Dataset entries
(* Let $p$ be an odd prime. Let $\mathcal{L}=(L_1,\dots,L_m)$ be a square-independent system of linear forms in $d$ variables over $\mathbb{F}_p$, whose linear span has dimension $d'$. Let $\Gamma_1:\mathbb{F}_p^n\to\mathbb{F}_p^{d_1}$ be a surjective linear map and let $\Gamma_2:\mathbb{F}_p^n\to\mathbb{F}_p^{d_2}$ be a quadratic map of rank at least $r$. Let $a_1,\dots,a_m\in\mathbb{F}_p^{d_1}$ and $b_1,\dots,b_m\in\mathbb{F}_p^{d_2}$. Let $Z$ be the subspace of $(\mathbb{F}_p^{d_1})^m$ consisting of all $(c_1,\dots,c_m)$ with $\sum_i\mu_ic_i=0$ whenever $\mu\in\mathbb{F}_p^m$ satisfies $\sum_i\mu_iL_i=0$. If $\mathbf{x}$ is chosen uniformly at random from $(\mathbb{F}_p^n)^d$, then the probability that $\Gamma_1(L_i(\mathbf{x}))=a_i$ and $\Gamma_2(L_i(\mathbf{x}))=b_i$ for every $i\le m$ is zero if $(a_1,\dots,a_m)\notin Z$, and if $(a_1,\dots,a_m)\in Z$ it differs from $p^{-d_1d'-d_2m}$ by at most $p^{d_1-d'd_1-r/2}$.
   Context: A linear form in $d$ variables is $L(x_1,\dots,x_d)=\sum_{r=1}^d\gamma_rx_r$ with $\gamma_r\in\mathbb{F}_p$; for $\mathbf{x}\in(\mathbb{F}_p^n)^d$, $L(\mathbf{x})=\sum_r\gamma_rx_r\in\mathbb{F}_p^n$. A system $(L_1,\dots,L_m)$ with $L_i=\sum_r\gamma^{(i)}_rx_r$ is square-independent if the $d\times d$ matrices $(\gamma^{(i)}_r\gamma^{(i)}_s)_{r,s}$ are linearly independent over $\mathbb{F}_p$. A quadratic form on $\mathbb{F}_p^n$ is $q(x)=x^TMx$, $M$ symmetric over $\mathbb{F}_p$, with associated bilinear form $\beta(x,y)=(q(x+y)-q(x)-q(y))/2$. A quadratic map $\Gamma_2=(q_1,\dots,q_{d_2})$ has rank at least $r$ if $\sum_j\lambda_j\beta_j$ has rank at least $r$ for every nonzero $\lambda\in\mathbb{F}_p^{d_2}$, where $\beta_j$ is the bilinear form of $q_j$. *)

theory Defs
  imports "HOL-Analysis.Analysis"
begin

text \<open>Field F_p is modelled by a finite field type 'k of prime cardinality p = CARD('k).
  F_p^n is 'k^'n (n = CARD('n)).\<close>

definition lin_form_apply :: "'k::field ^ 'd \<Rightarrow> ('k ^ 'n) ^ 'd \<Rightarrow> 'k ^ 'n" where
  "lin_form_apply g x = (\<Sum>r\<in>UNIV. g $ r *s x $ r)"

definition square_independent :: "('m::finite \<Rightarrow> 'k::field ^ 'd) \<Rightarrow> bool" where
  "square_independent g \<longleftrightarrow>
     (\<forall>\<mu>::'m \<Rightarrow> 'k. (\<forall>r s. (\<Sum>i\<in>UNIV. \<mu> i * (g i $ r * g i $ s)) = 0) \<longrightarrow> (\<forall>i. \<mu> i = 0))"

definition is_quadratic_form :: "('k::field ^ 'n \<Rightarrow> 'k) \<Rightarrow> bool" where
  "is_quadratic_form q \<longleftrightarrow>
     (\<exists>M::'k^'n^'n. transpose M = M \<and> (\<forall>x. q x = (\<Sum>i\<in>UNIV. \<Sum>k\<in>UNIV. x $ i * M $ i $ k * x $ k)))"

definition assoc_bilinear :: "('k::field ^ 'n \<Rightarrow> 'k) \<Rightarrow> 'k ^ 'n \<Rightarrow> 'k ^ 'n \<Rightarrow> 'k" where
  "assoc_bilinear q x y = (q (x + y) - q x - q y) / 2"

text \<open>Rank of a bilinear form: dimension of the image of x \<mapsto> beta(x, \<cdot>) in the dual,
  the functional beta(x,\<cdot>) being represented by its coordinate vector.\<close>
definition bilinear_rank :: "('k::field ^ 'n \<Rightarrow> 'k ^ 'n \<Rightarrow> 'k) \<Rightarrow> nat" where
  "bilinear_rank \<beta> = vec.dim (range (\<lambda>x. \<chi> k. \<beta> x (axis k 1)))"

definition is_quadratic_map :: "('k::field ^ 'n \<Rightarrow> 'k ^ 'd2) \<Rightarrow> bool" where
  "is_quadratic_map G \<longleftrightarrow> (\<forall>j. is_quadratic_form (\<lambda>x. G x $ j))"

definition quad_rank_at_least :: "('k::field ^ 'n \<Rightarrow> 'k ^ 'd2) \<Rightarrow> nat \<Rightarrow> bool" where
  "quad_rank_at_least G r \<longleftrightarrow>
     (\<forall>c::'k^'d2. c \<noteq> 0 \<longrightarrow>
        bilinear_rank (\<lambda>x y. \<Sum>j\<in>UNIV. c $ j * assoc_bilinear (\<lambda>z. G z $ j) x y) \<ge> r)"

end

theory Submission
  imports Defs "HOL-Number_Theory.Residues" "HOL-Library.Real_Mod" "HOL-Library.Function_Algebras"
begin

▸ **Task statement**:
Your task is to quote all of the data word for word.

▸ **Answer to the problem**:
(* Let $p$ be an odd prime. Let $\mathcal{L}=(L_1,\dots,L_m)$ be a square-independent system of linear forms in $d$ variables over $\mathbb{F}_p$, whose linear span has dimension $d'$. Let $\Gamma_1:\mathbb{F}_p^n\to\mathbb{F}_p^{d_1}$ be a surjective linear map and let $\Gamma_2:\mathbb{F}_p^n\to\mathbb{F}_p^{d_2}$ be a quadratic map of rank at least $r$. Let $a_1,\dots,a_m\in\mathbb{F}_p^{d_1}$ and $b_1,\dots,b_m\in\mathbb{F}_p^{d_2}$. Let $Z$ be the subspace of $(\mathbb{F}_p^{d_1})^m$ consisting of all $(c_1,\dots,c_m)$ with $\sum_i\mu_ic_i=0$ whenever $\mu\in\mathbb{F}_p^m$ satisfies $\sum_i\mu_iL_i=0$. If $\mathbf{x}$ is chosen uniformly at random from $(\mathbb{F}_p^n)^d$, then the probability that $\Gamma_1(L_i(\mathbf{x}))=a_i$ and $\Gamma_2(L_i(\mathbf{x}))=b_i$ for every $i\le m$ is zero if $(a_1,\dots,a_m)\notin Z$, and if $(a_1,\dots,a_m)\in Z$ it differs from $p^{-d_1d'-d_2m}$ by at most $p^{d_1-d'd_1-r/2}$.
   Context: A linear form in $d$ variables is $L(x_1,\dots,x_d)=\sum_{r=1}^d\gamma_rx_r$ with $\gamma_r\in\mathbb{F}_p$; for $\mathbf{x}\in(\mathbb{F}_p^n)^d$, $L(\mathbf{x})=\sum_r\gamma_rx_r\in\mathbb{F}_p^n$. A system $(L_1,\dots,L_m)$ with $L_i=\sum_r\gamma^{(i)}_rx_r$ is square-independent if the $d\times d$ matrices $(\gamma^{(i)}_r\gamma^{(i)}_s)_{r,s}$ are linearly independent over $\mathbb{F}_p$. A quadratic form on $\mathbb{F}_p^n$ is $q(x)=x^TMx$, $M$ symmetric over $\mathbb{F}_p$, with associated bilinear form $\beta(x,y)=(q(x+y)-q(x)-q(y))/2$. A quadratic map $\Gamma_2=(q_1,\dots,q_{d_2})$ has rank at least $r$ if $\sum_j\lambda_j\beta_j$ has rank at least $r$ for every nonzero $\lambda\in\mathbb{F}_p^{d_2}$, where $\beta_j$ is the bilinear form of $q_j$. *)

theory Defs
  imports "HOL-Analysis.Analysis"
begin

text \<open>Field F_p is modelled by a finite field type 'k of prime cardinality p = CARD('k).
  F_p^n is 'k^'n (n = CARD('n)).\<close>

definition lin_form_apply :: "'k::field ^ 'd \<Rightarrow> ('k ^ 'n) ^ 'd \<Rightarrow> 'k ^ 'n" where
  "lin_form_apply g x = (\<Sum>r\<in>UNIV. g $ r *s x $ r)"

definition square_independent :: "('m::finite \<Rightarrow> 'k::field ^ 'd) \<Rightarrow> bool" where
  "square_independent g \<longleftrightarrow>
     (\<forall>\<mu>::'m \<Rightarrow> 'k. (\<forall>r s. (\<Sum>i\<in>UNIV. \<mu> i * (g i $ r * g i $ s)) = 0) \<longrightarrow> (\<forall>i. \<mu> i = 0))"

definition is_quadratic_form :: "('k::field ^ 'n \<Rightarrow> 'k) \<Rightarrow> bool" where
  "is_quadratic_form q \<longleftrightarrow>
     (\<exists>M::'k^'n^'n. transpose M = M \<and> (\<forall>x. q x = (\<Sum>i\<in>UNIV. \<Sum>k\<in>UNIV. x $ i * M $ i $ k * x $ k)))"

definition assoc_bilinear :: "('k::field ^ 'n \<Rightarrow> 'k) \<Rightarrow> 'k ^ 'n \<Rightarrow> 'k ^ 'n \<Rightarrow> 'k" where
  "assoc_bilinear q x y = (q (x + y) - q x - q y) / 2"

text \<open>Rank of a bilinear form: dimension of the image of x \<mapsto> beta(x, \<cdot>) in the dual,
  the functional beta(x,\<cdot>) being represented by its coordinate vector.\<close>
definition bilinear_rank :: "('k::field ^ 'n \<Rightarrow> 'k ^ 'n \<Rightarrow> 'k) \<Rightarrow> nat" where
  "bilinear_rank \<beta> = vec.dim (range (\<lambda>x. \<chi> k. \<beta> x (axis k 1)))"

definition is_quadratic_map :: "('k::field ^ 'n \<Rightarrow> 'k ^ 'd2) \<Rightarrow> bool" where
  "is_quadratic_map G \<longleftrightarrow> (\<forall>j. is_quadratic_form (\<lambda>x. G x $ j))"

definition quad_rank_at_least :: "('k::field ^ 'n \<Rightarrow> 'k ^ 'd2) \<Rightarrow> nat \<Rightarrow> bool" where
  "quad_rank_at_least G r \<longleftrightarrow>
     (\<forall>c::'k^'d2. c \<noteq> 0 \<longrightarrow>
        bilinear_rank (\<lambda>x y. \<Sum>j\<in>UNIV. c $ j * assoc_bilinear (\<lambda>z. G z $ j) x y) \<ge> r)"

end

theory Submission
  imports Defs "HOL-Number_Theory.Residues" "HOL-Library.Real_Mod" "HOL-Library.Function_Algebras"
begin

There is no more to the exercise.